**PROBLEM STATEMENT**
Reproduce, character for character, the entries from their opening line through the line with "size prime to".

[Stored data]
(* Let $G$ be a finite group and $q$ a prime divisor of $|G|$. Let $Q\in{\rm Syl}_q(G)$ with $|Q|=q^m$, $m\geq 1$. If $Q$ is cyclic and $G$ has exactly $t$ Sylow $q$-subgroups, then $|F_{q^m}(G)|\geq q^m+(t-1)(q^m-q^{m-1})$.
   Context: For a finite group $G$ and a positive integer $n$, $F_n(G)=\{g\in G\mid g^n=1\}$. *)

theory Defs
  imports "HOL-Algebra.Algebra" "HOL-Computational_Algebra.Primes"
begin

definition Syl :: "('a, 'b) monoid_scheme \<Rightarrow> nat \<Rightarrow> 'a set set" where
  "Syl G q = {Q. subgroup Q G \<and> card Q = q ^ multiplicity q (order G)}"

definition Fn :: "('a, 'b) monoid_scheme \<Rightarrow> nat \<Rightarrow> 'a set" where
  "Fn G n = {g \<in> carrier G. g [^]\<^bsub>G\<^esub> n = \<one>\<^bsub>G\<^esub>}"

end

theory Submission
  imports Defs
begin

(* Every Sylow q-subgroup P is conjugated into Q: P acts on the right cosets of Q, a set of
   size prime to q, so some coset Q g is fixed and then g P g\<inverse> \<subseteq> Q. Conjugation therefore
   embeds the solutions of x^(q^(m-1)) = 1 in P into those in the cyclic group Q, of which there
   are only q^(m-1). The other q^m - q^(m-1) elements of P have order q^m, so each generates P
   and lies in no other Sylow q-subgroup. Counting Q together with these generators of the
   remaining t - 1 Sylow subgroups, all inside F_(q^m)(G), gives the bound. *)

lemma (in monoid) Fn_subgroup: "Fn (G\<lparr>carrier := H\<rparr>) n = {x \<in> H. x [^] n = \<one>}"
  by (simp add: Fn_def nat_pow_consistent[symmetric])

lemma (in group) subgroup_subset_Fn_card:
  assumes H: "subgroup H G" and fin: "finite H"
  shows "H \<subseteq> Fn G (card H)"
proof
  fix x assume x: "x \<in> H"
  interpret H: group "G\<lparr>carrier := H\<rparr>"
    using subgroup.subgroup_is_group[OF H is_group] .
  have "x [^] card H = \<one>"
    using H.pow_order_eq_1[of x] x fin by (simp add: order_def nat_pow_consistent[symmetric])
  then show "x \<in> Fn G (card H)" using x subgroup.subset[OF H] by (auto simp: Fn_def)
qed

lemma (in group) card_Fn_le_of_cyclic:
  assumes cyc: "cyclic_group G" and fin: "finite (carrier G)" and d: "d dvd order G"
  shows "card (Fn G d) \<le> d"
proof -
  obtain x where x: "x \<in> carrier G" and gen: "subgroup_generated G {x} = G"
    using cyc unfolding cyclic_group_def by blast
  have gen_x: "generate G {x} = carrier G"
    using arg_cong[OF gen, of carrier] x by (simp add: carrier_subgroup_generated)
  then have ord_x: "ord x = order G"
    using generate_pow_card[OF x] by (simp add: order_def)
  obtain e where e: "order G = d * e" using d by blast
  have d_pos: "d > 0" using e fin order_gt_0_iff_finite by (metis mult_is_0 not_gr0)
  have "Fn G d \<subseteq> (\<lambda>j. x [^] (e * j)) ` {..<d}"
  proof
    fix y assume y: "y \<in> Fn G d"
    then have "y \<in> {x [^] r | r. r \<in> {0..ord x - 1}}"
      using ord_elems[OF fin x] generate_pow_on_finite_carrier[OF fin x] gen_x
      unfolding Fn_def by auto
    then obtain r where r: "r \<in> {0..ord x - 1}" "y = x [^] r" by blast
    have r_lt: "r < ord x" using r(1) ord_ge_1[OF fin x] by auto
    have "x [^] (d * r) = \<one>" using y r x by (simp add: Fn_def nat_pow_pow mult.commute)
    then have "d * e dvd d * r" using pow_eq_id[OF x] ord_x e by simp
    then obtain j where j: "r = e * j" using d_pos by auto
    have "j < d" using r_lt j ord_x e by (simp add: mult.commute)
    then show "y \<in> (\<lambda>j. x [^] (e * j)) ` {..<d}" using r j by blast
  qed
  then have "card (Fn G d) \<le> card ((\<lambda>j. x [^] (e * j)) ` {..<d})"
    by (intro card_mono) auto
  also have "\<dots> \<le> d" using card_image_le[of "{..<d}"] by simp
  finally show ?thesis .
qed

lemma (in group) generate_eq_of_pow_ne_one:
  assumes p: "Factorial_Ring.prime p" and H: "subgroup H G" "finite H" "card H = p ^ m"
    and x: "x \<in> H" "x [^] p ^ (m - 1) \<noteq> \<one>"
  shows "generate G {x} = H"
proof -
  have xG: "x \<in> carrier G" using x subgroup.subset[OF H(1)] by blast
  have "ord x dvd p ^ m"
    using subgroup_subset_Fn_card[OF H(1,2)] x H(3) pow_eq_id[OF xG] by (auto simp: Fn_def)
  then obtain i where i: "i \<le> m" "ord x = p ^ i"
    using divides_primepow_nat[OF p] by auto
  have "i = m"
  proof (rule ccontr)
    assume "i \<noteq> m"
    then have "ord x dvd p ^ (m - 1)" using i by (simp add: le_imp_power_dvd)
    then show False using pow_eq_id[OF xG] x(2) by simp
  qed
  then have "card (generate G {x}) = card H"
    using generate_pow_card[OF xG] i H(3) by simp
  moreover have "generate G {x} \<subseteq> H"
    using generate_subgroup_incl[OF _ H(1)] x(1) by blast
  ultimately show ?thesis using card_subset_eq[OF H(2)] by blast
qed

**PROBLEM SOLUTION**
(* Let $G$ be a finite group and $q$ a prime divisor of $|G|$. Let $Q\in{\rm Syl}_q(G)$ with $|Q|=q^m$, $m\geq 1$. If $Q$ is cyclic and $G$ has exactly $t$ Sylow $q$-subgroups, then $|F_{q^m}(G)|\geq q^m+(t-1)(q^m-q^{m-1})$.
   Context: For a finite group $G$ and a positive integer $n$, $F_n(G)=\{g\in G\mid g^n=1\}$. *)

theory Defs
  imports "HOL-Algebra.Algebra" "HOL-Computational_Algebra.Primes"
begin

definition Syl :: "('a, 'b) monoid_scheme \<Rightarrow> nat \<Rightarrow> 'a set set" where
  "Syl G q = {Q. subgroup Q G \<and> card Q = q ^ multiplicity q (order G)}"

definition Fn :: "('a, 'b) monoid_scheme \<Rightarrow> nat \<Rightarrow> 'a set" where
  "Fn G n = {g \<in> carrier G. g [^]\<^bsub>G\<^esub> n = \<one>\<^bsub>G\<^esub>}"

end

theory Submission
  imports Defs
begin

(* Every Sylow q-subgroup P is conjugated into Q: P acts on the right cosets of Q, a set of
   size prime to q, so some coset Q g is fixed and then g P g\<inverse> \<subseteq> Q. Conjugation therefore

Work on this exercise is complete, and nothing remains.